Did you know, according to a report by Gartner in October of 2020, almost half of all AI projects do not make it past the prototype stage? Why is this?
The model training stage of your AI and ML-driven product or service is critical in determining whether or not the market adopts it or if the price is considered fair.
Failures are often attributed to poor or ineffective training data sets fed to the model, resulting in several false positives, inaccurate results, and fallacies.
To better understand why this is, it is imperative to learn how training works.
How Is An AI Model Trained?
The AI model training process is elaborate and convoluted. However, generally, it involves three distinct stages:
In the first stage, the AI models are fed new information based on the desired output. For example, it can provide a data set of different cars and trained to identify them.
In the following stage, the AI model is fed a new data set which is then cross-referenced to the previous one, and the assumptions validated.
The AI model is then tested for accuracy, speed, reliability, and other parameters in real-world conditions.
Unfortunately, several AI modelers and engineers create AI models that are underperforming due to poor training. Allow us to explain.
If you were to train an AI model to identify vehicles in general, the likelihood of a false positive is higher compared to a model trained to identify cars specifically. This is because the data set for vehicles generally encompasses much more significant variations of features and attributes.
In simpler words, a vehicle may have four wheels, six wheels, or even zero wheels (boats), while a car only has four wheels. Hence, training an AI model to work well for sub-categories and clubbing them together later is the way to go.

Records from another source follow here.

lemma mult_op2_pq_pr_qr:
  assumes s: "s \<in> states n" and t: "t \<in> states n"
    and "p < n + 2" "q < n + 2" "r < n + 2" and "distinct [p, q, r]"
  shows "mult n (mult n (op2 u p q) (op2 v p r)) (op2 w q r) s t =
    (if agree_outside {p, q, r} s t
     then \<Sum>c1\<in>UNIV. \<Sum>c2\<in>UNIV. \<Sum>d\<in>UNIV.
       Rent u (s ! p) (s ! q) c1 c2 * Rent v c1 (s ! r) (t ! p) d * Rent w c2 d (t ! q) (t ! r)
     else 0)"
proof -
  have len: "length s = n + 2" "length t = n + 2"
    using s t by (simp_all add: states_def)
  have "op2 w q r (s[p := c1, q := c2, p := d1, r := d2]) t =
      (if agree_outside {p, q, r} s t \<and> d1 = t ! p then Rent w c2 d2 (t ! q) (t ! r) else 0)"
    for c1 c2 d1 d2
    using assms len by (auto simp: op2_eq agree_outside_update insert_commute nth_list_update)
  then have "mult n (op2 v p r) (op2 w q r) (s[p := c1, q := c2]) t =
      (if agree_outside {p, q, r} s t
       then \<Sum>d\<in>UNIV. Rent v c1 (s ! r) (t ! p) d * Rent w c2 d (t ! q) (t ! r) else 0)"
    for c1 c2
    using assms len by (simp add: mult_op2_left states_update nth_list_update UNIV_bool)
  then show ?thesis
    using assms by (simp add: mult_assoc mult_op2_left sum_distrib_left mult.assoc)
qed

lemma mult_op2_qr_pr_pq:
  assumes s: "s \<in> states n" and t: "t \<in> states n"
    and "p < n + 2" "q < n + 2" "r < n + 2" and "distinct [p, q, r]"
  shows "mult n (mult n (op2 w q r) (op2 v p r)) (op2 u p q) s t =
    (if agree_outside {p, q, r} s t
     then \<Sum>c1\<in>UNIV. \<Sum>c2\<in>UNIV. \<Sum>d\<in>UNIV.
       Rent w (s ! q) (s ! r) c1 c2 * Rent v (s ! p) c2 d (t ! r) * Rent u d c1 (t ! p) (t ! q)
     else 0)"
proof -
  have len: "length s = n + 2" "length t = n + 2"
    using s t by (simp_all add: states_def)
  have "op2 u p q (s[q := c1, r := c2, p := d1, r := d2]) t =
      (if agree_outside {p, q, r} s t \<and> d2 = t ! r then Rent u d1 c1 (t ! p) (t ! q) else 0)"
    for c1 c2 d1 d2
    using assms len by (auto simp: op2_eq agree_outside_update insert_commute nth_list_update)
  then have "mult n (op2 v p r) (op2 u p q) (s[q := c1, r := c2]) t =
      (if agree_outside {p, q, r} s t
       then \<Sum>d\<in>UNIV. Rent v (s ! p) c2 d (t ! r) * Rent u d c1 (t ! p) (t ! q) else 0)"
    for c1 c2
    using assms len by (simp add: mult_op2_left states_update nth_list_update UNIV_bool)
  then show ?thesis
    using assms by (simp add: mult_assoc mult_op2_left sum_distrib_left mult.assoc)
qed

(* Entrywise form of u_12 v_13 w_23 = w_23 v_13 u_12 on V \<otimes> V \<otimes> V. *)
definition RLL_relation :: "(nat \<Rightarrow> complex) \<Rightarrow> (nat \<Rightarrow> complex) \<Rightarrow> (nat \<Rightarrow> complex) \<Rightarrow> bool" where
  "RLL_relation u v w \<longleftrightarrow> (\<forall>s0 s1 s2 t0 t1 t2.
     (\<Sum>c1\<in>UNIV. \<Sum>c2\<in>UNIV. \<Sum>d\<in>UNIV. Rent u s0 s1 c1 c2 * Rent v c1 s2 t0 d * Rent w c2 d t1 t2) =
     (\<Sum>c1\<in>UNIV. \<Sum>c2\<in>UNIV. \<Sum>d\<in>UNIV. Rent w s1 s2 c1 c2 * Rent v s0 c2 d t2 * Rent u d c1 t0 t1))"

lemma RLL_relation_op2:
  assumes "RLL_relation u v w"
    and "p < n + 2" "q < n + 2" "r < n + 2" and "distinct [p, q, r]"
  shows "eq_on_states n (mult n (mult n (op2 u p q) (op2 v p r)) (op2 w q r))
                        (mult n (mult n (op2 w q r) (op2 v p r)) (op2 u p q))"
  using assms by (simp add: eq_on_states_def mult_op2_pq_pr_qr mult_op2_qr_pr_pq RLL_relation_def)

lemma RLL_relation_R12w_Tw: "RLL_relation (R12w xi xj a b a' b') (Tw xi a b) (Tw xj a' b')"
  unfolding RLL_relation_def all_bool_eq
  by (simp add: UNIV_bool Rent_def R12w_def Tw_def algebra_simps)

theorem proposition4p15:
  fixes n :: nat and a b a' b' xi xj :: complex
  assumes "s \<in> states n" and "t \<in> states n"
  shows "mult n (mult n (op2 (R12w xi xj a b a' b') 0 1) (Tmon n 1 xi a b)) (Tmon n 2 xj a' b') s t
       = mult n (mult n (Tmon n 2 xj a' b') (Tmon n 1 xi a b)) (op2 (R12w xi xj a b a' b') 0 1) s t"
proof -
  let ?R = "op2 (R12w xi xj a b a' b') 0 1" and ?sites = "rev [1..<n + 1]"
  define A where "A = (\<lambda>j. op2 (Tw xi a b) 0 (j + 1))"
  define B where "B = (\<lambda>j. op2 (Tw xj a' b') 1 (j + 1))"
  have monodromy: "Tmon n 1 xi a b = prodL n (map A ?sites)" "Tmon n 2 xj a' b' = prodL n (map B ?sites)"
    unfolding Tmon_def A_def B_def by simp_all
  have "eq_on_states n (mult n (mult n ?R (A j)) (B j)) (mult n (mult n (B j) (A j)) ?R)"
    if "j \<in> set ?sites" for j
    using that unfolding A_def B_def by (intro RLL_relation_op2 RLL_relation_R12w_Tw) auto
  moreover have "ops_commute n (A j) (B k)" if "j \<in> set ?sites" "k \<in> set ?sites" "j \<noteq> k" for j k
    using that unfolding A_def B_def by (intro op2_commute) auto
  ultimately have "eq_on_states n (mult n (mult n ?R (Tmon n 1 xi a b)) (Tmon n 2 xj a' b'))
                                  (mult n (mult n (Tmon n 2 xj a' b') (Tmon n 1 xi a b)) ?R)"
    unfolding monodromy by (intro RLL_prodL) simp_all
  then show ?thesis
    using assms by (simp add: eq_on_states_def)
qed

end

One of the very few downsides to this method is a higher latency caused due to the rendering and running of multiple models.
Different Ways to Optimize Your AI Model
Some ways to optimize your AI model for high speed, low latency, and higher accuracy are:
Greater Computing Resources
When you have more computing resources and computational power, your AI will run faster even if built inefficiently.

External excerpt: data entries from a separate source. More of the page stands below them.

lemma rat_span_mult:
  assumes "u \<in> rat_span (\<theta> ^ 2)" "v \<in> rat_span (\<theta> ^ 2)"
  shows "u * v \<in> rat_span (\<theta> ^ 2)"
  using assms by (elim rat_spanE) (simp only: rat_span_mult_eq rat_spanI)

lemma rat_span_inverse:
  assumes "u \<in> rat_span (\<theta> ^ 2)"
  shows "inverse u \<in> rat_span (\<theta> ^ 2)"
proof (cases "u = 0")
  case False
  obtain A B where u: "u = of_rat A + of_rat B * \<theta> ^ 2"
    using assms by (elim rat_spanE)
  \<comment> \<open>the conjugate of \<open>\<theta>\<^sup>2\<close> over \<open>\<rat>\<close> is \<open>- a - \<theta>\<^sup>2\<close>\<close>
  define N where "N = A * A - a * A * B + b * B * B"
  have conj: "u * (of_rat (A - a * B) + of_rat (- B) * \<theta> ^ 2) = of_rat N"
    unfolding u rat_span_mult_eq N_def by (simp add: algebra_simps)
  have "N \<noteq> 0"
  proof
    assume "N = 0"
    with conj False have "of_rat (A - a * B) + of_rat (- B) * \<theta> ^ 2 = of_rat 0 + of_rat 0 * \<theta> ^ 2"
      by simp
    then have "A - a * B = 0 \<and> - B = 0"
      by (rule rat_span_coeffs_unique)
    with False u show False
      by simp
  qed
  with conj False have "inverse u = (of_rat (A - a * B) + of_rat (- B) * \<theta> ^ 2) * inverse (of_rat N)"
    by (simp add: field_simps)
  then show ?thesis
    by (metis rat_span_mult rat_spanI of_rat_in_rat_span of_rat_inverse)
qed (simp add: zero_in_rat_span)

lemma tower_span_coeffs_eq_0:
  assumes "u \<in> rat_span (\<theta> ^ 2)" "v \<in> rat_span (\<theta> ^ 2)" "u + v * \<theta> = 0"
  shows "u = 0 \<and> v = 0"
proof -
  obtain A B C D where u: "u = of_rat A + of_rat B * \<theta> ^ 2" and v: "v = of_rat C + of_rat D * \<theta> ^ 2"
    using assms(1,2) by (elim rat_spanE)
  have "of_rat A + of_rat C * \<theta> + of_rat B * \<theta> ^ 2 + of_rat D * \<theta> ^ 3 = 0"
    using assms(3) unfolding u v by (simp add: algebra_simps power2_eq_square power3_eq_cube)
  then have "A = 0 \<and> C = 0 \<and> B = 0 \<and> D = 0"
    by (rule rat_lin_indep)
  then show ?thesis
    unfolding u v by simp
qed

lemma tower_spanI: "u \<in> rat_span (\<theta> ^ 2) \<Longrightarrow> v \<in> rat_span (\<theta> ^ 2) \<Longrightarrow> u + v * \<theta> \<in> tower_span \<theta>"
  unfolding tower_span_def by blast

lemma is_subfield_tower_span: "is_subfield (tower_span \<theta>)"
  unfolding is_subfield_def
proof (intro conjI ballI impI)
  show "0 \<in> tower_span \<theta>"
    using tower_spanI[OF zero_in_rat_span zero_in_rat_span] by simp
  show "1 \<in> tower_span \<theta>"
    using tower_spanI[OF one_in_rat_span zero_in_rat_span] by simp
  fix x y
  assume "x \<in> tower_span \<theta>" "y \<in> tower_span \<theta>"
  then obtain u v u' v' where uv: "u \<in> rat_span (\<theta> ^ 2)" "v \<in> rat_span (\<theta> ^ 2)"
    "u' \<in> rat_span (\<theta> ^ 2)" "v' \<in> rat_span (\<theta> ^ 2)"
    and x: "x = u + v * \<theta>" and y: "y = u' + v' * \<theta>"
    unfolding tower_span_def by blast
  have sum: "x + y = (u + u') + (v + v') * \<theta>"
    unfolding x y by algebra
  show "x + y \<in> tower_span \<theta>"
    unfolding sum using uv by (intro tower_spanI rat_span_add)
  have prod: "x * y = (u * u' + v * v' * \<theta> ^ 2) + (u * v' + u' * v) * \<theta>"
    unfolding x y by algebra
  show "x * y \<in> tower_span \<theta>"
    unfolding prod using uv by (intro tower_spanI rat_span_add rat_span_mult self_in_rat_span)
next
  fix x
  assume "x \<in> tower_span \<theta>"
  then obtain u v where uv: "u \<in> rat_span (\<theta> ^ 2)" "v \<in> rat_span (\<theta> ^ 2)" and x: "x = u + v * \<theta>"
    unfolding tower_span_def by blast
  have minus: "- x = - u + - v * \<theta>"
    unfolding x by simp
  show "- x \<in> tower_span \<theta>"
    unfolding minus using uv by (intro tower_spanI rat_span_uminus)
  assume "x \<noteq> 0"
  have "u - v * \<theta> \<noteq> 0"
    using tower_span_coeffs_eq_0[OF uv(1) rat_span_uminus[OF uv(2)]] \<open>x \<noteq> 0\<close> x by auto
  define n where "n = u * u - v * v * \<theta> ^ 2"
  have xn: "x * (u - v * \<theta>) = n"
    unfolding x n_def by algebra
  with \<open>x \<noteq> 0\<close> \<open>u - v * \<theta> \<noteq> 0\<close> have "n \<noteq> 0"
    by auto
  with xn \<open>x \<noteq> 0\<close> have "inverse x = (u - v * \<theta>) * inverse n"
    by (auto simp: field_simps)
  then have inverse_x: "inverse x = u * inverse n + (- v * inverse n) * \<theta>"
    by (simp add: algebra_simps)
  have "inverse n \<in> rat_span (\<theta> ^ 2)"
    unfolding n_def using uv by (intro rat_span_inverse rat_span_diff rat_span_mult self_in_rat_span)
  then show "inverse x \<in> tower_span \<theta>"
    unfolding inverse_x using uv by (intro tower_spanI rat_span_mult rat_span_uminus)
qed

lemma gen_field_subset_tower_span: "gen_field \<theta> \<subseteq> tower_span \<theta>"
proof (rule gen_field_least[OF is_subfield_tower_span])
  show "\<theta> \<in> tower_span \<theta>"
    using tower_spanI[OF zero_in_rat_span one_in_rat_span] by simp
qed

lemma sqrt_in_rat_span_imp_discriminant_square:
  assumes "u \<in> rat_span (\<theta> ^ 2)" and u_sq: "u ^ 2 = of_rat r" and nsq: "of_rat r \<notin> rat_squares"
  shows "of_rat (r * (a ^ 2 - 4 * b)) \<in> rat_squares"
proof -
  obtain A B where u: "u = of_rat A + of_rat B * \<theta> ^ 2"
    using assms(1) by (elim rat_spanE)
  have "of_rat (A * A - b * B * B) + of_rat (A * B + B * A - a * B * B) * \<theta> ^ 2 = u ^ 2"
    unfolding u power2_eq_square[of "_ + _"] rat_span_mult_eq ..
  also have "\<dots> = of_rat r + of_rat 0 * \<theta> ^ 2"
    using u_sq by simp
  finally have "A * A - b * B * B = r \<and> A * B + B * A - a * B * B = 0"
    by (rule rat_span_coeffs_unique)
  then have r: "r = A * A - b * B * B" and "B * (2 * A - a * B) = 0"
    by (auto simp: algebra_simps)
  moreover have "B \<noteq> 0"
    using nsq r by (auto simp: of_rat_in_rat_squares_iff power2_eq_square)
  ultimately have A: "A = a * B / 2"
    by simp
  have "r * (a ^ 2 - 4 * b) = (B * (a ^ 2 - 4 * b) / 2) ^ 2"
    unfolding r A by (simp add: field_simps power2_eq_square)
  then show ?thesis
    by (auto simp: of_rat_in_rat_squares_iff)
qed

lemma theta_square_eq_rat_mult_squareE:
  assumes "s \<in> rat_span (\<theta> ^ 2)" and theta_sq: "\<theta> ^ 2 = of_rat r * s ^ 2"
  obtains c where "b = c ^ 2" and "\<exists>q. r * (2 * c - a) = q ^ 2"
proof -
  obtain P Q where s: "s = of_rat P + of_rat Q * \<theta> ^ 2"
    using assms(1) by (elim rat_spanE)
  have "of_rat (r * (P * P - b * Q * Q)) + of_rat (r * (P * Q + Q * P - a * Q * Q)) * \<theta> ^ 2
      = of_rat r * s ^ 2"
    unfolding s power2_eq_square[of "_ + _"] rat_span_mult_eq by (simp add: of_rat_mult distrib_left mult.assoc)
  also have "\<dots> = of_rat 0 + of_rat 1 * \<theta> ^ 2"
    using theta_sq by simp
  finally have "r * (P * P - b * Q * Q) = 0 \<and> r * (P * Q + Q * P - a * Q * Q) = 1"
    by (rule rat_span_coeffs_unique)
  then have PQ: "r * (P * P - b * Q * Q) = 0" and r: "r * (2 * P * Q - a * Q * Q) = 1"
    by (auto simp: algebra_simps)
  then have "r \<noteq> 0" and "Q \<noteq> 0"
    by auto
  with PQ have "b = (P / Q) ^ 2"
    by (simp add: field_simps power2_eq_square)
  moreover have "r * (2 * (P / Q) - a) = (1 / Q) ^ 2"
    using r \<open>Q \<noteq> 0\<close> by (simp add: field_simps power2_eq_square)
  ultimately show ?thesis
    using that by blast
qed

lemma squares_in_gen_field_imp_criterion:
  assumes "of_rat r \<in> squares_in (gen_field \<theta>)" and nsq: "of_rat r \<notin> rat_squares"
  shows "of_rat (r * (a ^ 2 - 4 * b)) \<in> rat_squares \<or>
    of_rat r * (- of_rat a + 2 * csqrt (of_rat b)) \<in> rat_squares \<or>
    of_rat r * (- of_rat a - 2 * csqrt (of_rat b)) \<in> rat_squares"
proof -
  obtain y where "y \<in> gen_field \<theta>" and y_sq: "y ^ 2 = of_rat r"
    using assms(1) unfolding squares_in_def by auto
  then obtain u v where u: "u \<in> rat_span (\<theta> ^ 2)" and v: "v \<in> rat_span (\<theta> ^ 2)" and y: "y = u + v * \<theta>"
    using gen_field_subset_tower_span unfolding tower_span_def by blast
  have "(u * u + v * v * \<theta> ^ 2 - of_rat r) + ((u + u) * v) * \<theta> = y ^ 2 - of_rat r"
    unfolding y by algebra
  also have "\<dots> = 0"
    using y_sq by simp
  finally have "(u * u + v * v * \<theta> ^ 2 - of_rat r) + ((u + u) * v) * \<theta> = 0" .
  moreover have "u * u + v * v * \<theta> ^ 2 - of_rat r \<in> rat_span (\<theta> ^ 2)"
    using u v by (intro rat_span_diff rat_span_add rat_span_mult self_in_rat_span of_rat_in_rat_span)
  moreover have "(u + u) * v \<in> rat_span (\<theta> ^ 2)"
    using u v by (intro rat_span_add rat_span_mult)
  ultimately have "(u + u) * v = 0"
    using tower_span_coeffs_eq_0 by blast
  then consider "v = 0" | "u = 0"
    by auto
  then show ?thesis
  proof cases
    case 1
    then show ?thesis
      using sqrt_in_rat_span_imp_discriminant_square[OF u _ nsq] y_sq y by simp
  next
    case 2
    have "v \<noteq> 0"
      using nsq y_sq unfolding y 2 by (auto simp: of_rat_in_rat_squares_iff)
    with y_sq have "\<theta> ^ 2 = of_rat r * inverse v ^ 2"
      unfolding y 2 by (auto simp: field_simps)
    then obtain c q where c: "b = c ^ 2" and q: "r * (2 * c - a) = q ^ 2"
      using theta_square_eq_rat_mult_squareE[OF rat_span_inverse[OF v]] by blast
    have "of_rat r * (- of_rat a + 2 * of_rat c) = (of_rat (r * (2 * c - a)) :: complex)"
      by (simp add: of_rat_mult of_rat_diff algebra_simps)
    then have "of_rat r * (- of_rat a + 2 * of_rat c) \<in> rat_squares"
      using q by (auto simp: of_rat_in_rat_squares_iff)
    moreover have "csqrt (of_rat b) = of_rat c \<or> csqrt (of_rat b) = - of_rat c"
      using c power2_eq_iff[of "csqrt (of_rat b)" "of_rat c"] by (simp add: of_rat_power)
    ultimately show ?thesis
      by auto
  qed
qed

lemma discriminant_eq_square: "(of_rat a + 2 * \<theta> ^ 2) ^ 2 = of_rat (a ^ 2 - 4 * b)"
  using theta_pow4 by (simp only: of_rat_diff of_rat_mult of_rat_power of_rat_numeral_eq) algebra

lemma theta_plus_sqrt_b_div_theta_square:
  assumes "z ^ 2 = of_rat b"
  shows "(\<theta> + z / \<theta>) ^ 2 = - of_rat a + 2 * z"
proof -
  have "\<theta> * (\<theta> + z / \<theta>) = \<theta> ^ 2 + z"
    using theta_nonzero by (simp add: distrib_left power2_eq_square)
  then have "\<theta> ^ 2 * (\<theta> + z / \<theta>) ^ 2 = (\<theta> ^ 2 + z) ^ 2"
    by (metis power_mult_distrib)
  also have "\<dots> = \<theta> ^ 2 * (- of_rat a + 2 * z)"
    using theta_pow4 assms by algebra
  finally show ?thesis
    using theta_nonzero by simp
qed

lemma squares_in_gen_field_if_discriminant:
  assumes "of_rat (r * (a ^ 2 - 4 * b)) \<in> rat_squares"
  shows "of_rat r \<in> squares_in (gen_field \<theta>)"
proof -
  obtain s where s: "r * (a ^ 2 - 4 * b) = s ^ 2"
    using assms by (auto simp: of_rat_in_rat_squares_iff)
  define w where "w = of_rat a + 2 * \<theta> ^ 2"
  have "of_rat r * w ^ 2 = of_rat (r * (a ^ 2 - 4 * b))"
    unfolding w_def discriminant_eq_square by (simp add: of_rat_mult)
  also have "\<dots> = of_rat s ^ 2"
    by (simp add: s of_rat_power)
  finally have "of_rat r * w ^ 2 = of_rat s ^ 2" .
  moreover have "w \<noteq> 0"
    using rat_span_coeffs_unique[of a 2 0 0] unfolding w_def by auto
  moreover have "w \<in> gen_field \<theta>"
    unfolding w_def power2_eq_square using is_subfield_gen_field
    by (intro subfield_add subfield_mult subfield_of_rat[of _ 2, simplified] subfield_of_rat in_gen_field)
  ultimately show ?thesis
    by (intro squares_in_gen_field_if_mult_square)
qed

lemma squares_in_gen_field_if_sqrt_b:
  assumes z_sq: "z ^ 2 = of_rat b" and "r \<noteq> 0"
    and "of_rat r * (- of_rat a + 2 * z) \<in> rat_squares"
  shows "of_rat r \<in> squares_in (gen_field \<theta>)"
proof -
  obtain s where s: "of_rat r * (- of_rat a + 2 * z) = of_rat s ^ 2"
    using assms(3) unfolding rat_squares_def by auto
  define c where "c = (s ^ 2 / r + a) / 2"
  have "of_rat (s ^ 2 / r) = of_rat s ^ 2 / of_rat r"
    by (simp add: of_rat_divide of_rat_power)
  also have "\<dots> = - of_rat a + 2 * z"
    unfolding s[symmetric] using \<open>r \<noteq> 0\<close> by simp
  finally have z: "z = of_rat c"
    unfolding c_def by (simp add: of_rat_divide of_rat_add)
  define w where "w = \<theta> + z / \<theta>"
  have theta_w: "\<theta> * w = \<theta> ^ 2 + z"
    unfolding w_def using theta_nonzero by (simp add: distrib_left power2_eq_square)
  have "w \<noteq> 0"
  proof
    assume "w = 0"
    then have "of_rat c + of_rat 1 * \<theta> ^ 2 = of_rat 0 + of_rat 0 * \<theta> ^ 2"
      using theta_w z by (simp add: add.commute)
    then have "c = 0 \<and> (1 :: rat) = 0"
      by (rule rat_span_coeffs_unique)
    then show False
      by simp
  qed
  moreover have "w \<in> gen_field \<theta>"
    unfolding w_def z divide_inverse using is_subfield_gen_field
    by (intro subfield_add subfield_mult subfield_inverse subfield_of_rat in_gen_field)
  moreover have "of_rat r * w ^ 2 = of_rat s ^ 2"
    using s theta_plus_sqrt_b_div_theta_square[OF z_sq] unfolding w_def by simp
  ultimately show ?thesis
    by (intro squares_in_gen_field_if_mult_square)
qed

The downside to this is increased initial cost and cost of operating.
Gradient descent is an optimization strategy for AI models. It is the most used and most popular one in the world of Data Science and Machine Learning. This is because it is a relatively straightforward methodology that involves finding the local minimum of a differentiable function.

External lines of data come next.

(* For every signed subcubic graph $\Sigma$, $l_0(\Sigma) = l(\Sigma)$.
   Context: A signed graph $\Sigma = (G,\sigma)$ consists of a finite graph $G$ (loops and multiple edges allowed) and a sign function $\sigma: E(G) \to \{+1,-1\}$. A circle is a connected nonempty $2$-regular subgraph (a loop is a circle of length $1$, a pair of parallel edges forms a circle of length $2$); a circle is positive if the product of the signs of its edges is $+1$ and negative otherwise. $\Sigma$ is balanced if all its circles are positive. The frustration index $l(\Sigma)$ is the smallest number of edges whose deletion from $\Sigma$ leaves a balanced signed graph. The frustration number $l_0(\Sigma)$ is the smallest number of vertices whose deletion (together with all incident edges) from $\Sigma$ leaves a balanced signed graph. $\Sigma$ is subcubic if every vertex of the underlying graph $G$ has degree at most $3$. *)

theory Defs
  imports Main
begin

definition signed_graph :: "'v set \<Rightarrow> 'e set \<Rightarrow> ('e \<Rightarrow> 'v set) \<Rightarrow> ('e \<Rightarrow> int) \<Rightarrow> bool" where
  "signed_graph V E ends sigma \<longleftrightarrow> finite V \<and> finite E \<and>
     (\<forall>e\<in>E. ends e \<subseteq> V \<and> 1 \<le> card (ends e) \<and> card (ends e) \<le> 2) \<and>
     (\<forall>e\<in>E. sigma e = 1 \<or> sigma e = -1)"

definition degree :: "'e set \<Rightarrow> ('e \<Rightarrow> 'v set) \<Rightarrow> 'v \<Rightarrow> nat" where
  "degree C ends v = card {e\<in>C. v \<in> ends e \<and> card (ends e) = 2}
                     + 2 * card {e\<in>C. ends e = {v}}"

definition verts_of :: "'e set \<Rightarrow> ('e \<Rightarrow> 'v set) \<Rightarrow> 'v set" where
  "verts_of C ends = \<Union> (ends ` C)"

definition adj_rel :: "'e set \<Rightarrow> ('e \<Rightarrow> 'v set) \<Rightarrow> ('v \<times> 'v) set" where
  "adj_rel C ends = {(x, y). \<exists>e\<in>C. ends e = {x, y}}"

definition is_circle :: "'e set \<Rightarrow> ('e \<Rightarrow> 'v set) \<Rightarrow> 'e set \<Rightarrow> bool" where
  "is_circle E ends C \<longleftrightarrow> C \<subseteq> E \<and> C \<noteq> {} \<and>
     (\<forall>v\<in>verts_of C ends. degree C ends v = 2) \<and>
     (\<forall>u\<in>verts_of C ends. \<forall>w\<in>verts_of C ends. (u, w) \<in> (adj_rel C ends)\<^sup>*)"

definition balanced :: "'e set \<Rightarrow> ('e \<Rightarrow> 'v set) \<Rightarrow> ('e \<Rightarrow> int) \<Rightarrow> bool" where
  "balanced E ends sigma \<longleftrightarrow> (\<forall>C. is_circle E ends C \<longrightarrow> (\<Prod>e\<in>C. sigma e) = 1)"

definition frustration_index :: "'v set \<Rightarrow> 'e set \<Rightarrow> ('e \<Rightarrow> 'v set) \<Rightarrow> ('e \<Rightarrow> int) \<Rightarrow> nat" where
  "frustration_index V E ends sigma =
     (LEAST k. \<exists>F. F \<subseteq> E \<and> card F = k \<and> balanced (E - F) ends sigma)"

definition frustration_number :: "'v set \<Rightarrow> 'e set \<Rightarrow> ('e \<Rightarrow> 'v set) \<Rightarrow> ('e \<Rightarrow> int) \<Rightarrow> nat" where
  "frustration_number V E ends sigma =
     (LEAST k. \<exists>X. X \<subseteq> V \<and> card X = k \<and>
        balanced {e\<in>E. ends e \<inter> X = {}} ends sigma)"

definition subcubic :: "'v set \<Rightarrow> 'e set \<Rightarrow> ('e \<Rightarrow> 'v set) \<Rightarrow> bool" where
  "subcubic V E ends \<longleftrightarrow> (\<forall>v\<in>V. degree E ends v \<le> 3)"

end

theory Submission
  imports Defs
begin

(* A switching s : V -> {1, -1} makes an edge consistent when its sign is the product of s at
   its two ends (a loop is consistent iff it is positive); by Harary's theorem a signed graph is
   balanced iff some switching makes all its edges consistent.
   Deleting one end of every edge of a balancing edge set F balances the graph, so l0 <= l.
   Conversely, let X be a balancing vertex set and s a switching consistent on the edges
   avoiding X. Put the vertices of X back one at a time: at a vertex x of degree at most 3 one
   of the two values of s x leaves at most one edge at x inconsistent, and that edge is
   deleted. This balances the graph with at most |X| edge deletions, so l <= l0. *)

definition switching :: "('v \<Rightarrow> int) \<Rightarrow> bool" where
  "switching s \<longleftrightarrow> (\<forall>v. s v = 1 \<or> s v = -1)"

Adam Optimization Algorithm
This is an algorithmic methodology to update neural network weights interactively.
The Trilemma of AI Models
The ideal utopian AI model is fast, accurate, and inexpensive. But, not to our surprise, our world is far from Utopia. The modern-day problem with AI models is that they can achieve only 2 of these at the expense of the third.
- A fast and accurate AI model is costly
- An accurate and inexpensive AI model is very slow
- A quick and affordable AI model is wildly inaccurate
Generic and broad AI models often fall in the third spectrum.
An AI model trained on a large but generic data set is often very inefficient and prone to many errors. Moreover, compensating for such errors would require even larger data sets, more variables, and higher computing power, all of which shoot up the necessary time and money.
In summary, developers should look for a sweet spot of specificity and breadth in their data set. Meaning, developers should neither go too generic or broad nor too narrow and specific with their training data set for AI models.